The drop in oil prices that started in late 2014, from more than $100 a barrel to less than half that price, was sharp enough to hurt.

“People began to worry: ‘What if half of the customers go bankrupt?’” said Brian Watson, lead portfolio manager of the Oppenheimer Steel Path MLP Alpha Plus mutual fund (MLPLX). But most energy partnerships survived and are benefiting from the oil price rebound. Recent oil prices in the $70 to $80 range should be sustainable, Mr. Loupis said.

The financial positions of the partnerships have also stabilized after a period of severe strain, several analysts said.

Unlike real estate investment trusts, which are required to pay out at least 90 percent of their free cash flow — cash that remains after operating and capital expenses — energy partnerships “have some leeway” on distributions, according to Stephen Ellis, a Morningstar analyst.

In 2014, many partnerships distributed 90 percent or more of their cash flow and dipped into capital needed for substantial projects, Mr. Edemeka of the PGIM Jennison fund said. Darin Turner, manager of the Invesco MLP fund (ILPAX), said that soured many investors, who simply said, “I’m not going to buy your stock.”
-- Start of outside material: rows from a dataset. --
lemma poly_wiener_hopf_quotient:
  fixes P Q S R :: "complex poly" and ki kj :: int
  assumes Q: "\<And>z. cmod z \<le> 1 \<Longrightarrow> poly Q z \<noteq> 0"
    and S: "\<And>w. cmod w \<le> 1 \<Longrightarrow> poly S w \<noteq> 0"
    and eq: "\<And>z. z \<noteq> 0 \<Longrightarrow>
      poly S (1/z) * poly P z * z powi kj = poly Q z * z powi ki * poly R (1/z)"
  shows "\<exists>T g. P = Q * T \<and> (\<forall>z. z \<noteq> 0 \<longrightarrow> poly T z * z powi (kj - ki) = poly g (1/z))"
proof -
  define mn where "mn = min ki kj"
  define e where "e = nat (kj - mn)"
  define f where "f = nat (ki - mn)"
  have kj: "kj = mn + int e" and ki: "ki = mn + int f" unfolding e_def f_def mn_def by auto
  have pw: "z powi kj = z powi mn * z ^ e" "z powi ki = z powi mn * z ^ f"
    if "z \<noteq> 0" for z :: complex
    unfolding kj ki using that by (simp_all add: power_int_add)
  have "poly S (1/z) * poly P z * z ^ e = poly Q z * z ^ f * poly R (1/z)" if z: "z \<noteq> 0" for z
    using eq[OF z] z unfolding pw[OF z] by (simp add: algebra_simps)
  then obtain T where PT: "P = Q * T" and dT: "T \<noteq> 0 \<Longrightarrow> degree T + e \<le> f"
    using poly_dvd_of_disk_nonvanishing[OF Q S] by blast
  show ?thesis
  proof (cases "T = 0")
    case True
    then show ?thesis using PT by (intro exI[of _ T] exI[of _ 0]) simp
  next
    case False
    define k where "k = f - e - degree T"
    have kk: "kj - ki = - int (degree T) - int k"
      using dT[OF False] unfolding k_def kj ki by simp
    have "poly T z * z powi (kj - ki) = poly (monom 1 k * reflect_poly T) (1/z)"
      if z: "z \<noteq> 0" for z
      using z unfolding kk
      by (simp add: power_int_diff power_int_minus poly_monom poly_reflect_poly_nz field_simps)
    then show ?thesis using PT by blast
  qed
qed

section \<open>Matrix-valued polynomial functions and Laurent polynomials\<close>

definition polyfun_mat :: "nat \<Rightarrow> (complex \<Rightarrow> complex mat) \<Rightarrow> bool" where
  "polyfun_mat n M \<longleftrightarrow>
    (\<forall>x. M x \<in> carrier_mat n n) \<and> (\<forall>i<n. \<forall>j<n. polyfun (\<lambda>x. M x $$ (i,j)))"

lemma polyfun_matD:
  "polyfun_mat n M \<Longrightarrow> M x \<in> carrier_mat n n"
  "polyfun_mat n M \<Longrightarrow> i < n \<Longrightarrow> j < n \<Longrightarrow> polyfun (\<lambda>x. M x $$ (i,j))"
  unfolding polyfun_mat_def by auto

lemma polyfun_mat_mat:
  "(\<And>i j. i < n \<Longrightarrow> j < n \<Longrightarrow> polyfun (\<lambda>x. f x i j)) \<Longrightarrow>
    polyfun_mat n (\<lambda>x. mat n n (\<lambda>(i,j). f x i j))"
  unfolding polyfun_mat_def by auto

lemma polyfun_mat_const: "A \<in> carrier_mat n n \<Longrightarrow> polyfun_mat n (\<lambda>x. A)"
  unfolding polyfun_mat_def by auto

lemma polyfun_mat_mult:
  assumes "polyfun_mat n M" "polyfun_mat n N"
  shows "polyfun_mat n (\<lambda>x. M x * N x)"
proof -
  have c: "M x \<in> carrier_mat n n" "N x \<in> carrier_mat n n" for x using assms polyfun_matD by auto
  have e: "(M x * N x) $$ (i,j) = (\<Sum>k\<in>{0..<n}. M x $$ (i,k) * N x $$ (k,j))"
    if "i < n" "j < n" for x i j
    using c[of x] that by (simp add: scalar_prod_def)
  show ?thesis unfolding polyfun_mat_def
  proof (intro conjI allI impI)
    fix x show "M x * N x \<in> carrier_mat n n" using c[of x] by auto
  next
    fix i j assume ij: "i < n" "j < n"
    show "polyfun (\<lambda>x. (M x * N x) $$ (i, j))"
      unfolding e[OF ij] using ij assms by (intro polyfun_sum polyfun_mult) (auto intro: polyfun_matD)
  qed
qed

lemma polyfun_mat_add:
  assumes "polyfun_mat n M" "polyfun_mat n N"
  shows "polyfun_mat n (\<lambda>x. M x + N x)"
proof -
  have c: "M x \<in> carrier_mat n n" "N x \<in> carrier_mat n n" for x using assms polyfun_matD by auto
  show ?thesis unfolding polyfun_mat_def
  proof (intro conjI allI impI)
    fix x show "M x + N x \<in> carrier_mat n n" using c[of x] by auto
  next
    fix i j assume ij: "i < n" "j < n"
    have e: "(M x + N x) $$ (i,j) = M x $$ (i,j) + N x $$ (i,j)" for x using c[of x] ij by simp
    show "polyfun (\<lambda>x. (M x + N x) $$ (i, j))"
      unfolding e using ij assms by (intro polyfun_add) (auto intro: polyfun_matD)
  qed
qed

lemma polyfun_mat_smult:
  assumes "polyfun c" "polyfun_mat n M"
  shows "polyfun_mat n (\<lambda>x. c x \<cdot>\<^sub>m M x)"
proof -
  have cM: "M x \<in> carrier_mat n n" for x using assms polyfun_matD by auto
  show ?thesis unfolding polyfun_mat_def
  proof (intro conjI allI impI)
    fix x show "c x \<cdot>\<^sub>m M x \<in> carrier_mat n n" using cM[of x] by auto
  next
    fix i j assume ij: "i < n" "j < n"
    have e: "(c x \<cdot>\<^sub>m M x) $$ (i,j) = c x * M x $$ (i,j)" for x using cM[of x] ij by simp
    show "polyfun (\<lambda>x. (c x \<cdot>\<^sub>m M x) $$ (i, j))"
      unfolding e using ij assms by (intro polyfun_mult) (auto intro: polyfun_matD)
  qed
qed

lemma polyfun_det:
  assumes "polyfun_mat n M"
  shows "polyfun (\<lambda>x. det (M x))"
proof -
  have c: "M x \<in> carrier_mat n n" for x using assms polyfun_matD by auto
  have e: "det (M x) =
      (\<Sum>p\<in>{p. p permutes {0..<n}}. of_int (sign p) * (\<Prod>i = 0..<n. M x $$ (i, p i)))" for x
    using det_def'[OF c[of x]] by simp
  show ?thesis unfolding e
  proof (intro polyfun_sum polyfun_mult polyfun_prod polyfun_const)
    fix p i assume "p \<in> {p. p permutes {0..<n}}" "i \<in> {0..<n}"
    then have "p i < n" "i < n" by (auto dest: permutes_in_image)
    then show "polyfun (\<lambda>x. M x $$ (i, p i))" using assms by (auto intro: polyfun_matD)
  qed
qed

lemma polyfun_mat_delete:
  assumes "polyfun_mat n M" "i < n" "j < n"
  shows "polyfun_mat (n - 1) (\<lambda>x. mat_delete (M x) i j)"
proof -
  have c: "M x \<in> carrier_mat n n" for x using assms polyfun_matD by auto
  have e: "mat_delete (M x) i j = mat (n-1) (n-1)
      (\<lambda>(i',j'). M x $$ (if i' < i then i' else Suc i', if j' < j then j' else Suc j'))" for x
    using c[of x] unfolding mat_delete_def by auto
  show ?thesis unfolding e
    by (rule polyfun_mat_mat) (use assms in \<open>auto intro!: polyfun_matD\<close>)
qed

lemma polyfun_mat_adj:
  assumes "polyfun_mat n M"
  shows "polyfun_mat n (\<lambda>x. adj_mat (M x))"
proof -
  have c: "M x \<in> carrier_mat n n" for x using assms polyfun_matD by auto
  have e: "adj_mat (M x) = mat n n (\<lambda>(i,j). (-1)^(j+i) * det (mat_delete (M x) j i))" for x
    using c[of x] unfolding adj_mat_def cofactor_def by auto
  show ?thesis unfolding e
    by (rule polyfun_mat_mat, rule polyfun_mult, rule polyfun_const, rule polyfun_det,
        rule polyfun_mat_delete) (use assms in auto)
qed

lemma polyfun_mat_eqI:
  assumes "polyfun_mat n M" "polyfun_mat n N" "infinite S" "\<And>x. x \<in> S \<Longrightarrow> M x = N x"
  shows "M x = N x"
proof (rule eq_matI)
  have c: "M x \<in> carrier_mat n n" "N x \<in> carrier_mat n n" for x using assms polyfun_matD by auto
  fix i j assume "i < dim_row (N x)" "j < dim_col (N x)"
  then have "i < n" "j < n" using c[of x] by auto
  then have "(\<lambda>x. M x $$ (i, j)) = (\<lambda>x. N x $$ (i, j))"
    using assms by (intro polyfun_eqI[of _ _ S]) (auto intro: polyfun_matD)
  then show "M x $$ (i, j) = N x $$ (i, j)" by meson
next
  have "M x \<in> carrier_mat n n" "N x \<in> carrier_mat n n" using assms polyfun_matD by auto
  then show "dim_row (M x) = dim_row (N x)" "dim_col (M x) = dim_col (N x)" by auto
qed

lemma leval_superset:
  assumes "finite S" "lsupp n C \<subseteq> S"
  shows "leval n C z = mat n n (\<lambda>(i,j). \<Sum>k\<in>S. z powi k * C k $$ (i,j))"
  unfolding leval_def
proof (intro cong_mat refl, clarify)
  fix i j assume "i < n" "j < n"
  then show "(\<Sum>k\<in>lsupp n C. z powi k * C k $$ (i,j)) = (\<Sum>k\<in>S. z powi k * C k $$ (i,j))"
    by (intro sum.mono_neutral_left[OF assms]) (auto simp: lsupp_def)
qed

lemma leval_inv_superset:
  assumes "finite S" "lsupp n C \<subseteq> S"
  shows "leval_inv n C w = mat n n (\<lambda>(i,j). \<Sum>k\<in>S. w ^ nat (- k) * C k $$ (i,j))"
  unfolding leval_inv_def
proof (intro cong_mat refl, clarify)
  fix i j assume "i < n" "j < n"
  then show "(\<Sum>k\<in>lsupp n C. w ^ nat (- k) * C k $$ (i,j)) = (\<Sum>k\<in>S. w ^ nat (- k) * C k $$ (i,j))"
    by (intro sum.mono_neutral_left[OF assms]) (auto simp: lsupp_def)
qed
By now, though, many partnerships have changed course, slashing payouts and building up cash reserves.

“Instead of paying out 100 percent, some partnerships are paying out 60 percent or less,” said Colton Bean, analyst with the energy investment banker Tudor, Pickering, Holt & Co.

Mr. Watson of Oppenheimer said such dividend cuts have left energy partnerships with a stronger financial base, producing a 30 percent increase in available cash, on average. “That extra 30 percent can be applied to capital expenses,” Mr. Watson said.

Despite these improvements, there is, of course, no guarantee that the stocks — or the funds that own them — will rise much. Mr. Ellis of Morningstar describes energy partnership stocks as only “slightly undervalued.”

But Mr. Loupis suggests the undervaluation could be substantial. Energy partnership cash flow has typically grown at roughly 6.5 percent a year in the past, but he predicts annual growth of 8.6 percent from 2018 to 2020.

Partnership stocks are also at the lower end of their long-term price-to-earnings ratios. They usually trade at 13.1 to 24.7 times expected earnings, he said, but they have been selling at a 14 multiple, leaving room for price gains to supplement increasingly safe yields.